The report suggests election-related hacking penetrated further into US voting systems than previously known. A Kremlin spokesman denied the report.

The classified National Security Agency report does not say whether the hacking had any effect on election results. But it says Russian military intelligence attacked a US voting software company and sent spear-phishing emails to more than 100 local election officials at the end of October or beginning of November.

US intelligence agencies declined to comment.

The document said Russian military intelligence "executed cyber espionage operations against a named US company in August 2016 evidently to obtain information on elections-related software and hardware solutions, according to information that became available in April 2017."

Dmitry Peskov, spokesman for President Vladimir Putin, denied the allegations Tuesday, saying that the Kremlin did not see "any evidence to prove this information is true." He said Moscow categorically denies "the possibility" of the Russian government being behind it.

The hackers are believed to have then used data from that operation to create a new email account to launch a spear-phishing campaign targeting US local government organizations, the document said. "Lastly, the actors send test emails to two non-existent accounts ostensibly associated with absentee balloting, presumably with the purpose of creating those accounts to mimic legitimate services."

The document did not name any state.

The information in the leaked document seems to go further than the US intelligence agencies' January assessment of the hacking that occurred.

"Russian intelligence obtained and maintained access to elements of multiple US state or local electoral boards," the assessment said. The Department of Homeland Security "assesses that the types of systems Russian actors targeted or compromised were not involved in vote tallying."

The Intercept contacted NSA and the national intelligence director's office about the document and both agencies asked that it not be published. US intelligence officials then asked The Intercept to redact certain sections. The Intercept said some material was withheld at US intelligence agencies' request because it wasn't "clearly in the public interest."

The Associated Press could not confirm the authenticity of the May 5 NSA document, which The Intercept said it obtained anonymously.

In its announcement of the arrest, the Justice Department said Reality Leigh Winner of Augusta, Georgia, has been charged in US District Court with copying classified documents and mailing them to a reporter with an unnamed news organization. Prosecutors did not say which federal agency Ms. Winner worked for, but FBI agent Justin Garrick said in an affidavit filed with the court that she had previously served in the Air Force and held a top-secret security clearance.

Winner's attorney, Titus Thomas Nichols, declined to confirm whether she is accused of leaking the NSA report received by The Intercept. He also declined to name the federal agency for which Winner worked.

"My client has no (criminal) history, so it's not as if she has a pattern of having done anything like this before," Mr. Nichols said in a phone interview Monday. "She is a very good person. All this craziness has happened all of a sudden."

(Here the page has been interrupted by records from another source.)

(* Let $q$ be a prime power and let $1 \le h \le T$ be integers. Let $\mathbf{G}$ be a random $h\times h$ matrix over $\mathbb{F}_q$ with an arbitrary distribution, and let $p(r) = \Pr[h - \operatorname{rank}\mathbf{G} = r]$, $r = 0,\dots,h$, be its rank deficiency distribution. Let $U \in \mathcal{P}(\mathbb{F}_q^T,h)$, and let $\mathbf{X}$ be an $h\times T$ matrix over $\mathbb{F}_q$ chosen uniformly at random from the set of all ordered bases of $U$ (i.e., all $h\times T$ matrices whose rows span $U$; there are $\prod_{i=1}^h (q^h - q^{i-1})$ of them), independently of $\mathbf{G}$. Let $\mathbf{Y} = \mathbf{G}\mathbf{X}$. Then for every subspace $V$ of $\mathbb{F}_q^T$ with $\dim V \le h$, $$\Pr\big[\langle \mathbf{Y}\rangle = V\big] = \begin{cases} \dfrac{p(h-\dim V)}{\binom{h}{\dim V}_q}, & \text{if } V \subseteq U,\\[2mm] 0, & \text{otherwise.}\end{cases}$$ In particular, this transition probability depends only on $p$, $h$, $\dim V$, and whether $V\subseteq U$, and not otherwise on the distribution of $\mathbf{G}$.
   Context: $\mathbb{F}_q$ is the finite field with $q$ elements. For a matrix $M$ over $\mathbb{F}_q$, $\langle M\rangle$ denotes the subspace spanned by its rows. $\mathcal{P}(\mathbb{F}_q^T,k)$ denotes the Grassmannian, the set of all $k$-dimensional subspaces of $\mathbb{F}_q^T$. The $q$-ary Gaussian coefficient is $\binom{n}{\ell}_q = \prod_{i=0}^{\ell-1}\frac{q^{n-i}-1}{q^{\ell-i}-1}$, the number of $\ell$-dimensional subspaces of an $n$-dimensional vector space over $\mathbb{F}_q$ (with $\binom{n}{0}_q = 1$). *)

theory Defs
  imports "Jordan_Normal_Form.DL_Rank" "HOL-Probability.Probability_Mass_Function"
begin

definition gauss_binom :: "nat \<Rightarrow> nat \<Rightarrow> nat \<Rightarrow> real" where
  "gauss_binom q n l = (\<Prod>i<l. (real q ^ (n - i) - 1) / (real q ^ (l - i) - 1))"

definition is_subspace :: "'a::field itself \<Rightarrow> nat \<Rightarrow> 'a Matrix.vec set \<Rightarrow> bool" where
  "is_subspace ty T W = VectorSpace.subspace class_ring W (module_vec ty T)"

definition sub_dim :: "'a::field itself \<Rightarrow> nat \<Rightarrow> 'a Matrix.vec set \<Rightarrow> nat" where
  "sub_dim ty T W = vectorspace.dim class_ring ((module_vec ty T)\<lparr>carrier := W\<rparr>)"

definition rowsp :: "nat \<Rightarrow> 'a::field mat \<Rightarrow> 'a Matrix.vec set" where
  "rowsp T M = vec_space.row_space T M"

definition mrank :: "nat \<Rightarrow> 'a::field mat \<Rightarrow> nat" where
  "mrank h M = vec_space.rank h M"

end

theory Submission
  imports Defs
begin

(* Everything is reduced to counting over the finite field F = 'a with q elements.
   For a fixed h x h matrix G, the probability that rowsp (G X) = V, for X uniform among the
   ordered bases of U, is #{X. rowsp X = U, rowsp (G X) = V} / #{X. rowsp X = U}.
   Write S for the row space of G (the image of G^T), of dimension r = rank G.  Choosing a basis
   ws of S and completing it to a basis cs = us @ ws of F^h, the coordinate map
   X |-> [X^T c. c <- cs] identifies h x T matrices with h-tuples of vectors in F^T; the row
   space of X becomes the span of the whole tuple and the row space of G X the span of its last
   r entries.  Counting tuples that are ordered bases of U ending in an ordered basis of V gives
   (prod_{i<d} q^d - q^i) * (prod_{i<h-d} q^h - q^(d+i)) if V is a subspace of U with d = dim V = r,
   and 0 otherwise; dividing by the number prod_{i<h} (q^h - q^i) of ordered bases of U yields
   1 / [h choose d]_q.  Averaging over G proves the theorem. *)

section \<open>Cardinalities of finite vector and matrix spaces\<close>

text \<open>Vectors of length n over a finite type are the functions {0..<n} \<rightarrow> 'a.\<close>
lemma card_carrier_vec:
  "card (carrier_vec n :: 'a::finite Matrix.vec set) = CARD('a) ^ n" (is ?card)
  and finite_carrier_vec: "finite (carrier_vec n :: 'a::finite Matrix.vec set)" (is ?fin)
proof -
  have "bij_betw (\<lambda>v. restrict (\<lambda>i. v $ i) {0..<n}) (carrier_vec n :: 'a Matrix.vec set)
          ({0..<n} \<rightarrow>\<^sub>E (UNIV::'a set))"
    by (rule bij_betwI[where g="\<lambda>f. Matrix.vec n f"]) (auto simp: fun_eq_iff PiE_def extensional_def)
  moreover have "card ({0..<n} \<rightarrow>\<^sub>E (UNIV::'a set)) = CARD('a) ^ n"
    by (simp add: card_PiE)
  ultimately show ?card ?fin using bij_betw_same_card bij_betw_finite finite_PiE by fastforce+
qed

text \<open>Likewise, m \<times> n matrices are the functions {0..<m} \<times> {0..<n} \<rightarrow> 'a; this fixes the
  size of the domain of the coordinate map below.\<close>
lemma card_carrier_mat:
  "card (carrier_mat m n :: 'a::finite mat set) = CARD('a) ^ (m * n)"
proof -
  have "bij_betw (\<lambda>A. restrict (\<lambda>ij. A $$ ij) ({0..<m} \<times> {0..<n})) (carrier_mat m n :: 'a mat set)
          (({0..<m} \<times> {0..<n}) \<rightarrow>\<^sub>E (UNIV::'a set))"
    by (rule bij_betwI[where g="\<lambda>f. Matrix.mat m n f"]) (auto simp: fun_eq_iff PiE_def extensional_def)
  then show ?thesis by (simp add: bij_betw_same_card card_PiE card_cartesian_product)
qed

text \<open>A field has the two distinct elements 0 and 1.\<close>
lemma one_less_card_field: "1 < CARD('a::{finite,field})"
proof -
  have "card {0::'a, 1} \<le> CARD('a)" by (rule card_mono) auto
  then show ?thesis by simp
qed

section \<open>Spans and independence of vector lists\<close>

definition lspan :: "nat \<Rightarrow> 'a::field Matrix.vec list \<Rightarrow> 'a Matrix.vec set" where
  "lspan n vs = (\<lambda>y. mat_of_cols n vs *\<^sub>v y) ` carrier_vec (length vs)"

text \<open>Elementary notion of a linear subspace of F^n, convenient for direct manipulation.\<close>
definition lin_subspace :: "nat \<Rightarrow> 'a::field Matrix.vec set \<Rightarrow> bool" where
  "lin_subspace n W \<longleftrightarrow> W \<subseteq> carrier_vec n \<and> 0\<^sub>v n \<in> W \<and> (\<forall>x\<in>W. \<forall>y\<in>W. x + y \<in> W)
     \<and> (\<forall>c x. x \<in> W \<longrightarrow> c \<cdot>\<^sub>v x \<in> W)"

lemma mult_mat_of_cols_Cons:
  fixes vs :: "'a::field Matrix.vec list"
  assumes y: "y \<in> carrier_vec (Suc (length vs))" and u: "u \<in> carrier_vec n"
  shows "mat_of_cols n (u # vs) *\<^sub>v y
       = y $ 0 \<cdot>\<^sub>v u + mat_of_cols n vs *\<^sub>v Matrix.vec (length vs) (\<lambda>i. y $ Suc i)"
proof (rule eq_vecI)
  fix i assume "i < dim_vec (y $ 0 \<cdot>\<^sub>v u + mat_of_cols n vs *\<^sub>v Matrix.vec (length vs) (\<lambda>i. y $ Suc i))"
  hence i: "i < n" by simp
  have "(mat_of_cols n (u # vs) *\<^sub>v y) $ i = (\<Sum>j<Suc (length vs). mat_of_cols n (u # vs) $$ (i,j) * y $ j)"
    using i y by (simp add: scalar_prod_def atLeast0LessThan)
  also have "\<dots> = u $ i * y $ 0 + (\<Sum>j<length vs. mat_of_cols n vs $$ (i,j) * y $ Suc j)"
    using i by (subst sum.lessThan_Suc_shift) (simp add: mat_of_cols_Cons_index_0 mat_of_cols_Cons_index_Suc)
  also have "\<dots> = (y $ 0 \<cdot>\<^sub>v u + mat_of_cols n vs *\<^sub>v Matrix.vec (length vs) (\<lambda>i. y $ Suc i)) $ i"
    using i u by (simp add: scalar_prod_def atLeast0LessThan ac_simps)
  finally show "(mat_of_cols n (u # vs) *\<^sub>v y) $ i
      = (y $ 0 \<cdot>\<^sub>v u + mat_of_cols n vs *\<^sub>v Matrix.vec (length vs) (\<lambda>i. y $ Suc i)) $ i" .
qed simp

text \<open>A span of k vectors is a finite set with at most q^k elements (the coefficient vectors).\<close>
lemma finite_lspan: "finite (lspan n (vs :: 'a::{finite,field} Matrix.vec list))"
  unfolding lspan_def by (intro finite_imageI finite_carrier_vec)

lemma card_lspan_le: "card (lspan n (vs :: 'a::{finite,field} Matrix.vec list)) \<le> CARD('a) ^ length vs"
  unfolding lspan_def
  using card_image_le[OF finite_carrier_vec, of "\<lambda>y. mat_of_cols n vs *\<^sub>v y" "length vs"]
  by (simp add: card_carrier_vec)

lemma lspan_Nil: "lspan n [] = {0\<^sub>v n :: 'a::field Matrix.vec}"
proof -
  have "\<And>y. y \<in> carrier_vec 0 \<Longrightarrow> mat_of_cols n [] *\<^sub>v y = (0\<^sub>v n :: 'a Matrix.vec)"
    by (intro eq_vecI) (auto simp: scalar_prod_def)
  moreover have "carrier_vec 0 = {0\<^sub>v 0 :: 'a Matrix.vec}" by auto
  ultimately show ?thesis unfolding lspan_def by simp
qed

lemma lspan_Cons:
  fixes vs :: "'a::field Matrix.vec list"
  assumes u: "u \<in> carrier_vec n"
  shows "lspan n (u # vs) = (\<lambda>(c,w). c \<cdot>\<^sub>v u + w) ` (UNIV \<times> lspan n vs)"
proof (intro equalityI subsetI)
  fix x assume "x \<in> lspan n (u # vs)"
  then obtain y where y: "y \<in> carrier_vec (Suc (length vs))" and x: "x = mat_of_cols n (u # vs) *\<^sub>v y"
    unfolding lspan_def by auto
  have "mat_of_cols n vs *\<^sub>v Matrix.vec (length vs) (\<lambda>i. y $ Suc i) \<in> lspan n vs"
    unfolding lspan_def by auto
  then show "x \<in> (\<lambda>(c,w). c \<cdot>\<^sub>v u + w) ` (UNIV \<times> lspan n vs)"
    using mult_mat_of_cols_Cons[OF y u] x by force
next
  fix x assume "x \<in> (\<lambda>(c,w). c \<cdot>\<^sub>v u + w) ` (UNIV \<times> lspan n vs)"
  then obtain c z where z: "z \<in> carrier_vec (length vs)" and x: "x = c \<cdot>\<^sub>v u + mat_of_cols n vs *\<^sub>v z"
    unfolding lspan_def by auto
  define y where "y = Matrix.vec (Suc (length vs)) (\<lambda>i. if i = 0 then c else z $ (i - 1))"
  have y: "y \<in> carrier_vec (Suc (length vs))" unfolding y_def by simp
  have "Matrix.vec (length vs) (\<lambda>i. y $ Suc i) = z"
    using z unfolding y_def by (intro eq_vecI) auto
  then have "x = mat_of_cols n (u # vs) *\<^sub>v y"
    using mult_mat_of_cols_Cons[OF y u] x by (simp add: y_def)
  then show "x \<in> lspan n (u # vs)" unfolding lspan_def using y by auto
qed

In affidavits filed with the court, Mr. Garrick of the FBI said the government was notified of the leaked report by the news outlet that received it. He said the agency that housed the report determined only six employees had made physical copies. Winner was one of them. Garrick said investigators found Winner had exchanged email with the news outlet using her work computer.

Garrick's affidavit said he interviewed Winner at her home Saturday and she "admitted intentionally identifying and printing the classified intelligence reporting at issue" and mailing it to the news outlet.

Asked if Winner had confessed, Nichols said, "If there is a confession, the government has not shown it to me."